Bertha Samuels Wolf was a stout, self-possessed matriarch who proudly told Blanche that no one would have guessed her own father had run a slaughterhouse. Pictures of Blanche and her mother show two women laughing together heartily, not the stark family image recalled by those interviewed after Blanche’s death. One of Blanche’s early friends, Helene Fraenkel, dismissed Bertha Wolf as “exceedingly pretty but littl
e and so fat that she was square.” The Wolfs’ lack of interest in the arts led Blanche, Fraenkel maintained, to seek “someone intellectual to marry.”11
Though Bertha, like her husband, at times could be remote, she managed to teach Blanche the importance of self-presentation. Bertha dressed well, favoring what would later be called “the Jewish uniform”: smart, tailored black suits (in the 1920s made to order by the emerging couturier Sally Milgrim), always adorned with a string of pearls. One relative thought that Bertha looked like Lillian Russell when she was young and that Julius looked like “a typical butter-and-egg man.”12 Whatever their appearance, the egg man’s determination, as well as his wife’s inheritance, enabled his daughter, years later, to adopt the attitude of those who came from wealth. Still, neither Julius nor Bertha was inclined to support a college education for either of their children, especially their daughter. Blanche does not seem to have considered going beyond high school, though Barnard (along with other colleges) had been available to women since the late 1880s.

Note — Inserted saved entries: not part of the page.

section \<open>The inverse of a bijective finite-fibration\<close>

definition full_simplex :: "nat \<Rightarrow> nat set set" where
  "full_simplex k = {\<rho>. \<rho> \<noteq> {} \<and> \<rho> \<subseteq> {..<k}}"

lemma vertices_full_simplex: "vertices (full_simplex k) = {..<k}"
  unfolding vertices_def full_simplex_def by auto

lemma finite_complex_full_simplex: "finite_complex (full_simplex k)"
proof -
  have "simplicial_complex (full_simplex k)"
    unfolding simplicial_complex_def full_simplex_def by (auto intro: finite_subset)
  moreover have "edge_connected (full_simplex k)"
    unfolding edge_connected_def vertices_full_simplex
  proof (intro ballI)
    fix a b assume "a \<in> {..<k}" "b \<in> {..<k}"
    then have "{a, b} \<in> full_simplex k" by (simp add: full_simplex_def)
    then show "(\<lambda>x y. {x, y} \<in> full_simplex k)\<^sup>*\<^sup>* a b" by (rule r_into_rtranclp)
  qed
  ultimately show ?thesis by (simp add: finite_complex_def complex_def vertices_full_simplex)
qed

lemma full_simplex_times_interval_top:
  assumes "k \<noteq> 0"
  shows "{..<k} \<times> {1} \<in> full_simplex k \<times>\<^sub>S interval_complex 1"
proof -
  have "{..<k} \<noteq> {}" using assms by auto
  moreover have "{1} \<in> interval_complex 1" unfolding interval_complex_def by blast
  ultimately show ?thesis by (simp add: prod_complex_def full_simplex_def)
qed

lemma snd_vertex_prod_singleton: "x \<in> vertices (K \<times>\<^sub>S {{a}}) \<Longrightarrow> snd x = a"
  unfolding vertices_iff prod_complex_def by force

In her case, the conjugal wait after she finished Gardner would deliver her a profession, if male-inflected from its beginning. As one scholar notes, “Blanche would launch an esteemed career in literary publishing,” guided by a man whose male professors were trained in a canon that emphasized male authors.13
By the time she graduated from Gardner, Blanche had already set her sights on marrying the muscular, olive-skinned Alfred Knopf. Blanche found him attractive not least because, like her, he preferred books to people, reading voraciously at Columbia University and, during college breaks, at beaches on the South Fork of Long Island. Blanche had occasionally spoken to the athletic boy in Lawrence, on Western Long Island, where he lived on his father’s estate.